The high frequency of multiple shoots was recorded from direct organogenesis of nodal explant. MS medium supplemented with benzyl adenine (4.4μM), kinetin (4.6μM), and 3% sucrose promoted the maximum number of shoots as well as beneficial shoot length in Paederia foetida (L.) (Thirupathi et.al., 2013)
Somatic embryogenesis is also preferred because it allows production of plant without somaclonal variation and in efficient cloning and genetic transformation (Sharp et.al., 1980). Synthetic seeds can also be developed by encapsulating somatic embryos in sodium alginate complex with calcium chloride as it was developed in Solanum melogena (Lakshmana Rao and Singh, 1991). Whereas Binzel et.al., (1996) reported that the entire process of induction and maturation of the embryos was completed on the same MS medium containing auxins and cytokinins (NAA+ TDZ) in M arvensis it was observed the requirement of both the hormones in the present investigations. Similarly somatic embryos maturation on MS medium containing the combination of auxins (NAA) and cytokinins (BAP) was observed in Cajanus cajan (Mallikarjuna et.al., 1996), Prunu saxivum (Garin et.al., 1997) and Hardiewickia binate (Chand and Singh 2001). Solanum surattensce (Ugandhar.2002). NAA and cytokinin (TDZ) was observed in Mentha piperita (Saha et.al.,2010)

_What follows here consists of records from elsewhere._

definition monom_val :: "('n::finite \<Rightarrow> nat) \<Rightarrow> real ^ 'n \<Rightarrow> real" where
  "monom_val \<alpha> x = (\<Prod>i\<in>UNIV. (x $ i) ^ (\<alpha> i))"

definition peval :: "(('n::finite \<Rightarrow> nat) \<Rightarrow> real) \<Rightarrow> real ^ 'n \<Rightarrow> real" where
  "peval c x = (\<Sum>\<alpha>\<in>msupp c. c \<alpha> * monom_val \<alpha> x)"

definition lowdeg :: "(('n::finite \<Rightarrow> nat) \<Rightarrow> real) \<Rightarrow> nat" where
  "lowdeg c = Min (mdeg ` msupp c)"

definition highdeg :: "(('n::finite \<Rightarrow> nat) \<Rightarrow> real) \<Rightarrow> nat" where
  "highdeg c = Max (mdeg ` msupp c)"

definition hpart :: "(('n::finite \<Rightarrow> nat) \<Rightarrow> real) \<Rightarrow> nat \<Rightarrow> ('n \<Rightarrow> nat) \<Rightarrow> real" where
  "hpart c d = (\<lambda>\<alpha>. if mdeg \<alpha> = d then c \<alpha> else 0)"

definition maxexp :: "(('n::finite \<Rightarrow> nat) \<Rightarrow> real) \<Rightarrow> 'n \<Rightarrow> nat" where
  "maxexp c i = Max ((\<lambda>\<beta>. \<beta> i) ` msupp c)"

definition pure_idx :: "'n \<Rightarrow> nat \<Rightarrow> ('n \<Rightarrow> nat)" where
  "pure_idx i d = (\<lambda>j. if j = i then d else 0)"

definition pure_degs :: "(('n::finite \<Rightarrow> nat) \<Rightarrow> real) \<Rightarrow> 'n \<Rightarrow> nat set" where
  "pure_degs c i = {d. c (pure_idx i d) \<noteq> 0}"

definition psd :: "('a::zero \<Rightarrow> real) \<Rightarrow> bool" where
  "psd V \<longleftrightarrow> V 0 = 0 \<and> (\<forall>x. V x \<ge> 0)"

definition nsd :: "('a::zero \<Rightarrow> real) \<Rightarrow> bool" where
  "nsd V \<longleftrightarrow> psd (\<lambda>x. - V x)"

end

theory Submission
  imports Defs "HOL-Computational_Algebra.Polynomial"
begin

text \<open>Along suitable curves p becomes a univariate sum f(t) of terms b t^e with f \<le> 0.
  Dividing by t^m for the lowest exponent m and letting t tend to 0 from either side shows
  that the coefficient of t^m is \<le> 0 and vanishes when m is odd; applied to
  t^(2m) f(1/t), the same holds for the highest exponent m. The rays t x pick out the
  homogeneous parts of extreme degree, moving only x_i picks out the monomials of extreme
  x_i-exponent, and the axis t e_i picks out the pure powers of x_i. Since a polynomial
  with a nonzero coefficient does not vanish identically, "vanishes when the exponent is odd"
  becomes "the exponent is even".\<close>

lemma isCont_nonpos_mult_power_at_0:
  fixes h :: "real \<Rightarrow> real"
  assumes cont: "isCont h 0" and sign: "\<And>s. s \<noteq> 0 \<Longrightarrow> h s * s ^ m \<le> 0"
  shows "h 0 \<le> 0" and "odd m \<Longrightarrow> h 0 = 0"
proof -
  have lim_right: "(h \<longlongrightarrow> h 0) (at_right 0)" and lim_left: "(h \<longlongrightarrow> h 0) (at_left 0)"
    using cont by (simp_all add: isCont_def filterlim_at_split)
  have "eventually (\<lambda>s. h s \<le> 0) (at_right 0)"
    using eventually_at_right_less[of "0::real"]
  proof eventually_elim
    case (elim s)
    then have "s ^ m > 0" by simp
    with sign[of s] elim show ?case by (auto simp: mult_le_0_iff)
  qed
  with lim_right show nonpos: "h 0 \<le> 0"
    by (intro tendsto_upperbound) auto
  assume "odd m"
  have "eventually (\<lambda>s. s < 0) (at_left (0::real))"
    by (simp add: eventually_at_filter)
  then have "eventually (\<lambda>s. h s \<ge> 0) (at_left 0)"
  proof eventually_elim
    case (elim s)
    with \<open>odd m\<close> have "s ^ m < 0" by simp
    with sign[of s] elim show ?case by (auto simp: mult_le_0_iff)
  qed
  with lim_left have "h 0 \<ge> 0"
    by (intro tendsto_lowerbound) auto
  with nonpos show "h 0 = 0" by simp
qed

lemma lowest_exponent_coeff_nonpos:
  fixes b :: "'a \<Rightarrow> real" and k :: "'a \<Rightarrow> nat"
  assumes fin: "finite A"
    and nonpos: "\<And>t. t \<noteq> 0 \<Longrightarrow> (\<Sum>\<alpha>\<in>A. b \<alpha> * t ^ k \<alpha>) \<le> 0"
    and lowest: "\<And>\<alpha>. \<alpha> \<in> A \<Longrightarrow> m \<le> k \<alpha>"
  shows "(\<Sum>\<alpha>\<in>{\<alpha>\<in>A. k \<alpha> = m}. b \<alpha>) \<le> 0"
    and "odd m \<Longrightarrow> (\<Sum>\<alpha>\<in>{\<alpha>\<in>A. k \<alpha> = m}. b \<alpha>) = 0"
proof -
  define h where "h s = (\<Sum>\<alpha>\<in>A. b \<alpha> * s ^ (k \<alpha> - m))" for s :: real
  have "isCont h 0"
    unfolding h_def by (intro continuous_intros)
  moreover have "h s * s ^ m = (\<Sum>\<alpha>\<in>A. b \<alpha> * s ^ k \<alpha>)" for s
    unfolding h_def sum_distrib_right
    by (intro sum.cong refl) (simp add: lowest mult.assoc flip: power_add)
  moreover have "h 0 = (\<Sum>\<alpha>\<in>{\<alpha>\<in>A. k \<alpha> = m}. b \<alpha>)"
  proof -
    have "h 0 = (\<Sum>\<alpha>\<in>A. if k \<alpha> = m then b \<alpha> else 0)"
      unfolding h_def by (intro sum.cong refl) (auto simp: power_0_left dest: lowest)
    with fin show ?thesis
      by (simp add: sum.inter_filter)
  qed
  ultimately show "(\<Sum>\<alpha>\<in>{\<alpha>\<in>A. k \<alpha> = m}. b \<alpha>) \<le> 0"
    and "odd m \<Longrightarrow> (\<Sum>\<alpha>\<in>{\<alpha>\<in>A. k \<alpha> = m}. b \<alpha>) = 0"
    using isCont_nonpos_mult_power_at_0[of h m] nonpos by auto
qed

lemma highest_exponent_coeff_nonpos:
  fixes b :: "'a \<Rightarrow> real" and k :: "'a \<Rightarrow> nat"
  assumes fin: "finite A"
    and nonpos: "\<And>t. t \<noteq> 0 \<Longrightarrow> (\<Sum>\<alpha>\<in>A. b \<alpha> * t ^ k \<alpha>) \<le> 0"
    and highest: "\<And>\<alpha>. \<alpha> \<in> A \<Longrightarrow> k \<alpha> \<le> m"
  shows "(\<Sum>\<alpha>\<in>{\<alpha>\<in>A. k \<alpha> = m}. b \<alpha>) \<le> 0"
    and "odd m \<Longrightarrow> (\<Sum>\<alpha>\<in>{\<alpha>\<in>A. k \<alpha> = m}. b \<alpha>) = 0"
proof -
  have power_reflect: "s ^ (2 * m - k \<alpha>) = s ^ (2 * m) * inverse s ^ k \<alpha>"
    if "s \<noteq> 0" "\<alpha> \<in> A" for s :: real and \<alpha>
  proof -
    have "k \<alpha> \<le> 2 * m"
      using highest[OF that(2)] by simp
    with that(1) show ?thesis
      by (simp add: power_diff divide_inverse power_inverse)
  qed
  have "(\<Sum>\<alpha>\<in>A. b \<alpha> * s ^ (2 * m - k \<alpha>)) \<le> 0" if "s \<noteq> 0" for s :: real
  proof -
    have "(\<Sum>\<alpha>\<in>A. b \<alpha> * s ^ (2 * m - k \<alpha>)) = s ^ (2 * m) * (\<Sum>\<alpha>\<in>A. b \<alpha> * inverse s ^ k \<alpha>)"
      unfolding sum_distrib_left using that
      by (intro sum.cong refl) (simp only: power_reflect[OF that] mult.left_commute)
    also have "\<dots> \<le> 0"
      using nonpos[of "inverse s"] that by (simp add: mult_nonneg_nonpos power_mult)
    finally show ?thesis .
  qed
  moreover have "{\<alpha>\<in>A. 2 * m - k \<alpha> = m} = {\<alpha>\<in>A. k \<alpha> = m}"
    using highest by force
  ultimately show "(\<Sum>\<alpha>\<in>{\<alpha>\<in>A. k \<alpha> = m}. b \<alpha>) \<le> 0"
    and "odd m \<Longrightarrow> (\<Sum>\<alpha>\<in>{\<alpha>\<in>A. k \<alpha> = m}. b \<alpha>) = 0"
    using lowest_exponent_coeff_nonpos[OF fin, of b "\<lambda>\<alpha>. 2 * m - k \<alpha>" m] highest by force+
qed

lemma extreme_exponent_coeff_nonpos:
  fixes b :: "'a \<Rightarrow> real" and k :: "'a \<Rightarrow> nat"
  assumes fin: "finite A"
    and nonpos: "\<And>t. t \<noteq> 0 \<Longrightarrow> (\<Sum>\<alpha>\<in>A. b \<alpha> * t ^ k \<alpha>) \<le> 0"
    and extreme: "(\<forall>\<alpha>\<in>A. m \<le> k \<alpha>) \<or> (\<forall>\<alpha>\<in>A. k \<alpha> \<le> m)"
  shows "(\<Sum>\<alpha>\<in>{\<alpha>\<in>A. k \<alpha> = m}. b \<alpha>) \<le> 0"
    and "odd m \<Longrightarrow> (\<Sum>\<alpha>\<in>{\<alpha>\<in>A. k \<alpha> = m}. b \<alpha>) = 0"
proof -
  from extreme have "(\<Sum>\<alpha>\<in>{\<alpha>\<in>A. k \<alpha> = m}. b \<alpha>) \<le> 0 \<and> (odd m \<longrightarrow> (\<Sum>\<alpha>\<in>{\<alpha>\<in>A. k \<alpha> = m}. b \<alpha>) = 0)"
  proof
    assume "\<forall>\<alpha>\<in>A. m \<le> k \<alpha>"
    then show ?thesis
      using lowest_exponent_coeff_nonpos[OF fin nonpos, of m] by blast
  next
    assume "\<forall>\<alpha>\<in>A. k \<alpha> \<le> m"
    then show ?thesis
      using highest_exponent_coeff_nonpos[OF fin nonpos, of m] by blast
  qed
  then show "(\<Sum>\<alpha>\<in>{\<alpha>\<in>A. k \<alpha> = m}. b \<alpha>) \<le> 0"
    and "odd m \<Longrightarrow> (\<Sum>\<alpha>\<in>{\<alpha>\<in>A. k \<alpha> = m}. b \<alpha>) = 0"
    by auto
qed

definition vec_upd :: "'a ^ 'n \<Rightarrow> 'n \<Rightarrow> 'a \<Rightarrow> 'a ^ 'n" where
  "vec_upd x i t = (\<chi> j. if j = i then t else x $ j)"

lemma vec_upd_nth_self: "vec_upd x i (x $ i) = x"
  by (simp add: vec_upd_def vec_eq_iff)

lemma monom_val_scaleR: "monom_val \<alpha> (t *\<^sub>R x) = t ^ mdeg \<alpha> * monom_val \<alpha> x"
  unfolding monom_val_def mdeg_def power_sum
  by (simp add: power_mult_distrib prod.distrib)

lemma monom_val_vec_upd:
  "monom_val \<alpha> (vec_upd x i t) = t ^ \<alpha> i * monom_val \<alpha> (vec_upd x i 1)"
proof -
  have "monom_val \<alpha> (vec_upd x i t) = t ^ \<alpha> i * (\<Prod>j\<in>UNIV - {i}. x $ j ^ \<alpha> j)" for t
    unfolding monom_val_def vec_upd_def
    by (subst prod.remove[of UNIV i]) (auto intro!: prod.cong)
  then show ?thesis by simp
qed

lemma monom_val_axis:
  "monom_val \<alpha> (axis i t) = (if \<alpha> = pure_idx i (\<alpha> i) then t ^ \<alpha> i else 0)"
proof -
  have "monom_val \<alpha> (axis i t) = t ^ \<alpha> i * (\<Prod>j\<in>UNIV - {i}. 0 ^ \<alpha> j)"
    unfolding monom_val_def axis_def
    by (subst prod.remove[of UNIV i]) (auto intro!: prod.cong)
  also have "(\<Prod>j\<in>UNIV - {i}. (0::real) ^ \<alpha> j) = (if \<alpha> = pure_idx i (\<alpha> i) then 1 else 0)"
    by (auto simp: pure_idx_def fun_eq_iff power_0_left)
  finally show ?thesis by simp
qed

lemma monom_val_0:
  assumes "mdeg \<alpha> \<noteq> 0"
  shows "monom_val \<alpha> (0 :: real ^ 'n::finite) = 0"
proof -
  from assms obtain j where "\<alpha> j \<noteq> 0"
    unfolding mdeg_def by (metis sum.neutral)
  then show ?thesis
    unfolding monom_val_def by auto
qed

lemma msupp_if: "msupp (\<lambda>\<alpha>. if P \<alpha> then c \<alpha> else 0) = {\<alpha>\<in>msupp c. P \<alpha>}"
  by (auto simp: msupp_def)

lemma peval_if:
  "peval (\<lambda>\<alpha>. if P \<alpha> then c \<alpha> else 0) x = (\<Sum>\<alpha>\<in>{\<alpha>\<in>msupp c. P \<alpha>}. c \<alpha> * monom_val \<alpha> x)"
  unfolding peval_def msupp_if by (intro sum.cong) auto

lemma peval_scaleR: "peval c (t *\<^sub>R x) = (\<Sum>\<alpha>\<in>msupp c. (c \<alpha> * monom_val \<alpha> x) * t ^ mdeg \<alpha>)"
  unfolding peval_def monom_val_scaleR by (simp add: ac_simps)

lemma peval_vec_upd:
  "peval c (vec_upd x i t) = (\<Sum>\<alpha>\<in>msupp c. (c \<alpha> * monom_val \<alpha> (vec_upd x i 1)) * t ^ \<alpha> i)"
  unfolding peval_def by (subst monom_val_vec_upd) (simp add: ac_simps)

lemma sum_powers_eq_0_imp_coeff_eq_0:
  fixes b :: "'a \<Rightarrow> real" and k :: "'a \<Rightarrow> nat"
  assumes fin: "finite A" and zero: "\<And>t. (\<Sum>\<alpha>\<in>A. b \<alpha> * t ^ k \<alpha>) = 0"
  shows "(\<Sum>\<alpha>\<in>{\<alpha>\<in>A. k \<alpha> = e}. b \<alpha>) = 0"
proof -
  define P where "P = (\<Sum>\<alpha>\<in>A. monom (b \<alpha>) (k \<alpha>))"
  have "poly P t = 0" for t
    using zero by (simp add: P_def poly_sum poly_monom)
  then have "coeff P e = 0"
    using poly_all_0_iff_0 by (metis coeff_0)
  moreover have "coeff P e = (\<Sum>\<alpha>\<in>A. if k \<alpha> = e then b \<alpha> else 0)"
    by (simp add: P_def coeff_sum)
  ultimately show ?thesis
    using fin by (simp add: sum.inter_filter)
qed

Thus somatic embryogenesis always appeared to be dependent on the types of auxin/cytokinin/auxin+cytokinin and their concentration in the medium. The type of phytohormone and its concentration also varies from genotype to genotype. High concentration of auxin in combination with less concentration of cytokinin induced the somatic embryogenesis and maturation of somatic embryos in M.arvensis. But in the present study, a highest germination rate 70% was achieved. Plant lets with well developed shoot and root systems were washed carefully with tap water and transferred to plastic cups containing a mixture of vermiculite and soil for hardening. The acclimatized plantlets were successfully transplanted to pots under field conditions. Regenerated plants showed no observable morphological alteration.

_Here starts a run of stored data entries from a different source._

(* Let $a,b>0$ be constants. Let $G=(V,E)$ be a graph with $n$ vertices, $m\ge1$ edges, degeneracy $d$, clique number $\omega$ and clique distance $\sigma$, and let $(\mathcal{C},\mathcal{L})$ be a DCC representation of $G$ with $\mathcal{C}=\{C_\ell\}_{\ell\in I}$ composition-minimal, $\|\mathcal{C}\|\le a\,m$ and $|\mathcal{C}|\le b\,\sigma$. Then there is a constant $c$ depending only on $a,b$ such that $$\frac{1}{\binom{n}{2}}\sum_{\{u,v\}\subseteq V,\,u\ne v}\min\{|L_u|,|L_v|\}\le c\,\min\{\sigma,d\}\quad\text{and}\quad \frac1n\sum_{v\in V}\sum_{\ell\in L_v}|C_\ell|\le c\,\omega\,\min\{\sigma,d\}.$$
   Context: All graphs are finite, simple, undirected, with no isolated vertices; $n=|V|$, $m=|E|$. A non-edge is an unordered pair of distinct non-adjacent vertices. A clique is a vertex set inducing a complete subgraph; $\omega$ is the maximum clique size. Clique distance $\sigma:=\binom{n}{2}-m+1$. Degeneracy $d:=\max_{H}\delta_H$ over all subgraphs $H$ of $G$, where $\delta_H$ is the minimum degree of $H$. $\|\mathcal{F}\|:=\sum_{F\in\mathcal{F}}|F|$. A clique cover is an indexed family $\{C_\ell\}_{\ell\in I}$ of cliques of $G$ covering every edge; composition-minimal means that for all distinct indices $i\ne j$ there are $u\in C_i$, $v\in C_j$ with $\{u,v\}$ a non-edge. A DCC representation is a pair $(\mathcal{C},\mathcal{L})$ with $\mathcal{C}$ a clique cover and $\mathcal{L}=\{L_v\}_{v\in V}$, $L_v=\{\ell\in I: v\in C_\ell\}$. *)

theory Defs
  imports Complex_Main
begin

definition simple_graph :: "nat set \<Rightarrow> nat set set \<Rightarrow> bool" where
  "simple_graph V E \<longleftrightarrow> finite V \<and> (\<forall>e\<in>E. e \<subseteq> V \<and> card e = 2)
     \<and> (\<forall>v\<in>V. \<exists>e\<in>E. v \<in> e)"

During the present investigations, it was found that the high concentration of auxin in combination with less concentration if cytokinin induced the somatic embryogenesis and maturation of somatic embryos in M.arvensis. In conclusion, for induction of in vitro somatic embryo genesis the type of primary explant, choice of genotypes and hormonal concentration plays on important role (Patel et.al., (1994).